Work item
The expected output is each line in the data below that includes the string "where".

Data supplied
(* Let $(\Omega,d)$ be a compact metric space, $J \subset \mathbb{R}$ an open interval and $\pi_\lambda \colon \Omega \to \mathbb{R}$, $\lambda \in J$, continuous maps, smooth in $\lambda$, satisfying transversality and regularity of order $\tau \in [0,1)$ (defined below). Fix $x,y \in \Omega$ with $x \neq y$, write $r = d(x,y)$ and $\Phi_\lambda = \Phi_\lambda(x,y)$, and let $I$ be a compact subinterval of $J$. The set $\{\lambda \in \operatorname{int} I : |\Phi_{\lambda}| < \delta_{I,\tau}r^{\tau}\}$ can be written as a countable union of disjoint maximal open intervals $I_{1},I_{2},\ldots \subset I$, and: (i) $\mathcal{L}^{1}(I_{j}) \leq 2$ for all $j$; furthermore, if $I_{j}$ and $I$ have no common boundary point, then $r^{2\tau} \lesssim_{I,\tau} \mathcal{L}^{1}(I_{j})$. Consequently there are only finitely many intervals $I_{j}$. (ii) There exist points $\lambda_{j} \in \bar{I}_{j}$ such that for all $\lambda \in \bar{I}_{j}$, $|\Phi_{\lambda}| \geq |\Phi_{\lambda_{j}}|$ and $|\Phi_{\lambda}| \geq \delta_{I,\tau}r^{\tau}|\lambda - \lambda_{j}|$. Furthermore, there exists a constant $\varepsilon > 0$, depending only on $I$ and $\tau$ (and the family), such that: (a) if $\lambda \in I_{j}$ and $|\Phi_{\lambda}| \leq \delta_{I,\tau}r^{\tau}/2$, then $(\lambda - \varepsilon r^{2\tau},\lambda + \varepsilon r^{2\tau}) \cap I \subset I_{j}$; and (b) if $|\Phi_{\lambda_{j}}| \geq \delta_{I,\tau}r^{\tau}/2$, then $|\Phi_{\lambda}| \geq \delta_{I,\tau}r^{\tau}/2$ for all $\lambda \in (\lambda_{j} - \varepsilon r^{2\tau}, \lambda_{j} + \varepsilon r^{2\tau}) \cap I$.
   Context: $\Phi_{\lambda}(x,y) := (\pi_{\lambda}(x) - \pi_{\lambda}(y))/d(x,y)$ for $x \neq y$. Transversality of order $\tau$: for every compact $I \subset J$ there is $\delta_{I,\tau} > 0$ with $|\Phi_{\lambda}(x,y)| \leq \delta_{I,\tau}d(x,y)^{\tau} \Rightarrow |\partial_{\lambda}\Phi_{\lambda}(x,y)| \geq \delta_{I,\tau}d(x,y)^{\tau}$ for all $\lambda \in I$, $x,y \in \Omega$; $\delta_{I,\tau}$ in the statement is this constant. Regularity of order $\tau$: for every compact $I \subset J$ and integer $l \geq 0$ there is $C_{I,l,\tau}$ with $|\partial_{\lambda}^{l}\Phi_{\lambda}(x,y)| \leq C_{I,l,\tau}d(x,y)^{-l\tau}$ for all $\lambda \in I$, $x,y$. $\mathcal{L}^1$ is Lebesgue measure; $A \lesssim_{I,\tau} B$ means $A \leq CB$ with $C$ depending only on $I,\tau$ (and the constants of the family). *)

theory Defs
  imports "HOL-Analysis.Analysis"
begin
---
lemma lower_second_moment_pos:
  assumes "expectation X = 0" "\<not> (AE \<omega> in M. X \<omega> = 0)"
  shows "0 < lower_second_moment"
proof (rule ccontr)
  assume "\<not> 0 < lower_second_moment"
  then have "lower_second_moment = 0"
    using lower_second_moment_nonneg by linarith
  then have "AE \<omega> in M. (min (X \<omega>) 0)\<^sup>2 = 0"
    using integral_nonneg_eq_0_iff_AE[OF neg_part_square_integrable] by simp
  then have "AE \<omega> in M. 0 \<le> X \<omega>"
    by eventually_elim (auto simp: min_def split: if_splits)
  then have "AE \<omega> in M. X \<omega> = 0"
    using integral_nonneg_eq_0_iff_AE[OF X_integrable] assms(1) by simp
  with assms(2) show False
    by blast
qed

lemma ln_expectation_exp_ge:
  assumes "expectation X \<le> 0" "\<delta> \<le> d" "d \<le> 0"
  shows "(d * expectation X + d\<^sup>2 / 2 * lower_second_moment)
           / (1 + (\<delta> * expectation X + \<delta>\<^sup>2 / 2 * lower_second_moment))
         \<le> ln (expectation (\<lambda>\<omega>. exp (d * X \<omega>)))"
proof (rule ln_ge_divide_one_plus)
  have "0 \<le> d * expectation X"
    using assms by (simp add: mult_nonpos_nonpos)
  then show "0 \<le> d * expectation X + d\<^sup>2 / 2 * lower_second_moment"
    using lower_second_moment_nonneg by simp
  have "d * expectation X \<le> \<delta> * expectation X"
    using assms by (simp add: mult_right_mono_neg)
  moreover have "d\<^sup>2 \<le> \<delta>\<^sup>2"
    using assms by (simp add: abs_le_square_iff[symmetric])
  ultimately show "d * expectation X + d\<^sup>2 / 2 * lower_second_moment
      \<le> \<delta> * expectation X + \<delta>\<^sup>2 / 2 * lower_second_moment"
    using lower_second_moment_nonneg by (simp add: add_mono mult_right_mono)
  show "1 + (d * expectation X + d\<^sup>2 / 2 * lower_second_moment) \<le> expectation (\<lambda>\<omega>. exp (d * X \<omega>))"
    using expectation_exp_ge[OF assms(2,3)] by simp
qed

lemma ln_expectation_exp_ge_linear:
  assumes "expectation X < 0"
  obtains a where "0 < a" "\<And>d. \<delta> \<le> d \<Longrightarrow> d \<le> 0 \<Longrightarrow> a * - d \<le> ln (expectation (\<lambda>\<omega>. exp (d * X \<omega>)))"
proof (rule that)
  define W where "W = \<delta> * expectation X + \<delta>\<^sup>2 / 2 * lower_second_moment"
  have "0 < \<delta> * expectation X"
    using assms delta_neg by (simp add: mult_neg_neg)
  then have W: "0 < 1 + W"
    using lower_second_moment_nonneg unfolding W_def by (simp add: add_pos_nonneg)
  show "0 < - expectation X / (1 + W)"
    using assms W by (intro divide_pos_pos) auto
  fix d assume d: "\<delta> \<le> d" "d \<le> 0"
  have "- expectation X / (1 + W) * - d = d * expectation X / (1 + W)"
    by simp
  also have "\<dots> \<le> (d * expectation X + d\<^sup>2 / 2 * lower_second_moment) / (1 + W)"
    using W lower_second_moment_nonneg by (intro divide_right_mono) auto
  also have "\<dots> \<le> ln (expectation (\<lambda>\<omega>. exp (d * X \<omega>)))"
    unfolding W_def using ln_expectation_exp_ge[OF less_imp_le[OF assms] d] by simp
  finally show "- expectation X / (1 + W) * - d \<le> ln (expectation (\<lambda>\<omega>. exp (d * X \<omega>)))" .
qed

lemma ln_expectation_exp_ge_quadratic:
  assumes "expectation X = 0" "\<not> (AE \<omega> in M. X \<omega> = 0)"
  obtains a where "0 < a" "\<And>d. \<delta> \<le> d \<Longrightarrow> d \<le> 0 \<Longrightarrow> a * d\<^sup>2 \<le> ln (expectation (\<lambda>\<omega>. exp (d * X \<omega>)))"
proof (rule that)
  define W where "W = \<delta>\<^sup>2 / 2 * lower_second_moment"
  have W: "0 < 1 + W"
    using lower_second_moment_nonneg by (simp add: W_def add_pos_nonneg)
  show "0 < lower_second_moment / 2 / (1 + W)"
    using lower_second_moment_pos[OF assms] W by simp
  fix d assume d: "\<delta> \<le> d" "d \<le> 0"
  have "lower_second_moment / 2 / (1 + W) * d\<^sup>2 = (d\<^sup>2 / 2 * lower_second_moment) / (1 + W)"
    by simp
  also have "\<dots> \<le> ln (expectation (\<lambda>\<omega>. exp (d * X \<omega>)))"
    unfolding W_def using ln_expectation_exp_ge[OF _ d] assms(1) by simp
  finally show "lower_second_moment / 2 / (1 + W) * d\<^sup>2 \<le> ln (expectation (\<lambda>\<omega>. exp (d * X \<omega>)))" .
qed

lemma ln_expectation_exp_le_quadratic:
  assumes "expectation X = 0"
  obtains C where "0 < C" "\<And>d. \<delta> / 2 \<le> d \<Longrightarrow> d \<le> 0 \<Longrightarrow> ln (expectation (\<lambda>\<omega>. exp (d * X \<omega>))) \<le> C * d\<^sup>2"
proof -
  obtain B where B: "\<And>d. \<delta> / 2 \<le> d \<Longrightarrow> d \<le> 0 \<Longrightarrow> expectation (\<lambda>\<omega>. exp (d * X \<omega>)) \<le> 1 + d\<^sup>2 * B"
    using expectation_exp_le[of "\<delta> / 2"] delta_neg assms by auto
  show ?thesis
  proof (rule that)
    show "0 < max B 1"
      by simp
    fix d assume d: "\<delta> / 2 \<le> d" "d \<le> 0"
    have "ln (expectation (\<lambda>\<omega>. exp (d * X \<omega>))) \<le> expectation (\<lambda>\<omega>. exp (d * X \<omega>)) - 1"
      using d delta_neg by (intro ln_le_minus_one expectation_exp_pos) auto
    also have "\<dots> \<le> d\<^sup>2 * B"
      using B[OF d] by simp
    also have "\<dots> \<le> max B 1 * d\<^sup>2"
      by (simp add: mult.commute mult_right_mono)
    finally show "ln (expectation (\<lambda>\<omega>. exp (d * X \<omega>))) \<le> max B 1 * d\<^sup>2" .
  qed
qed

Answer box
  obtains a where "0 < a" "\<And>d. \<delta> \<le> d \<Longrightarrow> d \<le> 0 \<Longrightarrow> a * - d \<le> ln (expectation (\<lambda>\<omega>. exp (d * X \<omega>)))"
  define W where "W = \<delta> * expectation X + \<delta>\<^sup>2 / 2 * lower_second_moment"
  obtains a where "0 < a" "\<And>d. \<delta> \<le> d \<Longrightarrow> d \<le> 0 \<Longrightarrow> a * d\<^sup>2 \<le> ln (expectation (\<lambda>\<omega>. exp (d * X \<omega>)))"
  define W where "W = \<delta>\<^sup>2 / 2 * lower_second_moment"
  obtains C where "0 < C" "\<And>d. \<delta> / 2 \<le> d \<Longrightarrow> d \<le> 0 \<Longrightarrow> ln (expectation (\<lambda>\<omega>. exp (d * X \<omega>))) \<le> C * d\<^sup>2"
  obtain B where B: "\<And>d. \<delta> / 2 \<le> d \<Longrightarrow> d \<le> 0 \<Longrightarrow> expectation (\<lambda>\<omega>. exp (d * X \<omega>)) \<le> 1 + d\<^sup>2 * B"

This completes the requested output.